In the following the aggregate model is fitted. Four types of models are fitted: the first model is used to determine the rho value (for correcting autocorrelation in the residuals), the second model fits separate trajectories for each level (this model is only used for some visualizations), the third model fits the model using difference curves. The model with difference curves yields p-values (separately for the constant intercept difference and the non-linear difference) assessing if the difference between the two speaker groups and the two types of words (dialect words vs. CVC sequences) is significant or not. The fourth model attempts to simplify the ordered-factor model by excluding fixed-effect factors and/or SFs which were not significant and whose inclusion was not warranted (using AIC comparisons).

Two variants of visualization-model and the simplified ordered factor models are fitted. As the residuals of these models were not completely adequate (some heteroscedasticity and non-normal distribution), we excluded the data for which the absolute standardized residuals of the model were greater than 2.5 SD (i.e. the data points for which the difference between the actual and fitted value was greatest). The visualization and model summaries shown are based on these models (though note that the results are highly similar to the original models).

6.1.1 Relative to resting position

Here the models are fitted using the position relative to the non-speech resting position.

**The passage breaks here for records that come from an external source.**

lemma integral_invP:
  "0 \<le> T \<Longrightarrow> integral {0..T} (invP al be) = al * T - be * T\<^sup>2 / 2"
proof -
  assume "0 \<le> T"
  have "(invP al be has_integral (al * T - be * T\<^sup>2 / 2) - (al * 0 - be * 0\<^sup>2 / 2)) {0..T}"
  proof (rule fundamental_theorem_of_calculus[OF \<open>0 \<le> T\<close>])
    fix w :: real
    show "((\<lambda>w. al * w - be * w\<^sup>2 / 2) has_vector_derivative invP al be w) (at w within {0..T})"
      unfolding invP_def has_real_derivative_iff_has_vector_derivative[symmetric]
      by (auto intro!: derivative_eq_intros)
  qed
  then show ?thesis by (simp add: integral_unique)
qed

lemma SW_eq:
  assumes "0 \<le> real M * x + real N * y" and "al - C = be * A"
  shows "SW al be C C M N y x = be * (A * (real M * x + real N * y) - (real M * x + real N * y)\<^sup>2 / 2)"
  unfolding SW_def integral_invP[OF assms(1)] using assms(2)
  by (simp add: algebra_simps power2_eq_square)

text \<open>Stated for an arbitrary property \<open>P\<close> of the two aggregate outputs and welfares, so that
  each part of the theorem is an instance.\<close>
lemma symmetric_equilibria_compare:
  fixes al be C k :: real and M N :: nat and P :: "real \<Rightarrow> real \<Rightarrow> real \<Rightarrow> real \<Rightarrow> bool"
  assumes be: "be > 0" and k: "0 < k" and M: "1 \<le> M" and N: "0 < N"
  defines "A \<equiv> (al - C) / be"
  defines "q \<equiv> (real M * A + real N * k) / (real M + 1)"
    and "s \<equiv> A * (real M * real N + real M + real N) / ((real M + 1) * (real N + 1))"
  assumes lo: "(real M + real N + 1) * k \<le> A"
    and up: "A \<le> (real M + 1) * sqrt (real N + 1) / (2 * (sqrt (real N + 1) - 1)) * real N * k"
    and P: "P q s (be * (A * q - q\<^sup>2 / 2)) (be * (A * s - s\<^sup>2 / 2))"
  shows "\<exists>(f, x) \<in> Qset al be C C k M N. \<exists>xS \<in> X0 al be C C k M N. \<forall>j<N.
    (let y = spot_y al be C k M N (\<lambda>_. f) (\<lambda>_. x) j;
         yS = spot_y al be C k M N (\<lambda>_. 0) (\<lambda>_. xS) j in
      P (real M * x + real N * y) (real M * xS + real N * yS)
        (SW al be C C M N y x) (SW al be C C M N yS xS))"
proof -
  define xq where "xq = (A - real N * k) / (real M + 1)"
  define xS where "xS = A / (real M + 1)"
  have A: "al - C = be * A" unfolding A_def using be by simp
  have "0 < real M * k" using k M by simp
  then have "(real N + 1) * k < A" using lo by (simp add: algebra_simps)
  moreover have "0 \<le> real M" "0 < real N" using N by simp_all
  ultimately have order: "0 < q" "q < s" "s < A"
    using stackelberg_forward_output_order[of "real M" "real N" k A] k unfolding q_def s_def by simp_all
  have "0 \<le> A" using order by linarith
  note forward = forward_equilibrium[OF be less_imp_le[OF k] A lo, folded xq_def]
  note stackelberg = stackelberg_equilibrium[OF be less_imp_le[OF k] N A \<open>0 \<le> A\<close> up, folded xS_def]
  have q: "real M * xq + real N * k = q" unfolding xq_def q_def by (simp add: field_simps)
  have s: "real M * xS + real N * (xS / (real N + 1)) = s"
    unfolding xS_def s_def by (simp add: divide_simps) (simp add: algebra_simps)
  have SWq: "SW al be C C M N k xq = be * (A * q - q\<^sup>2 / 2)"
    using SW_eq[of M xq N k, OF _ A] order unfolding q by simp
  have SWs: "SW al be C C M N (xS / (real N + 1)) xS = be * (A * s - s\<^sup>2 / 2)"
    using SW_eq[of M xS N "xS / (real N + 1)", OF _ A] order unfolding s by simp
  have spot: "spot_y al be C k M N (\<lambda>_. k) (\<lambda>_. xq) j = k"
      "spot_y al be C k M N (\<lambda>_. 0) (\<lambda>_. xS) j = xS / (real N + 1)" if "j < N" for j
    using forward(2) stackelberg(2) that by (simp_all add: uniform_profile_def)
  show ?thesis
    by (rule bexI[OF _ forward(1)], unfold prod.case, rule bexI[OF _ stackelberg(1)], intro allI impI)
      (simp only: Let_def spot q s SWq SWs, rule P)
qed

The models are saved as each model takes about 7 hours to fit using 32 CPUs.

# fit first model to determine autocorrelation in residuals
system.time(modelNoRho.rel <- bam(RelPos.norm ~ s(Time.normWord,by=GroupTypeSensorAxis, k=20) + 
                  GroupTypeSensorAxis + s(Time.normWord,SpeakerTypeSensorAxis,bs='fs',m=1) + 
                  s(Time.normWord,WordGroupSensorAxis,bs='fs',m=1), data=dat, 
                  method='fREML', discrete=T, nthreads=32))
save(modelNoRho.rel,file='modelALL-rel-group-norho-1.8.12.rda')
# assess autocorrelation in residuals
modelACF.rel = acf(resid(modelNoRho.rel),plot=F) 
rhoval = as.vector(modelACF.rel[1]$acf)

# fit model which corrects for autocorrelation in residuals
system.time(model.rel <- bam(RelPos.norm ~ s(Time.normWord,by=GroupTypeSensorAxis, k=20) + 
             GroupTypeSensorAxis + s(Time.normWord,SpeakerTypeSensorAxis,bs='fs',m=1) + 
             s(Time.normWord,WordGroupSensorAxis,bs='fs',m=1), data=dat, 
             method='fREML', AR.start=Word.start, rho=rhoval, discrete=T, nthreads=32))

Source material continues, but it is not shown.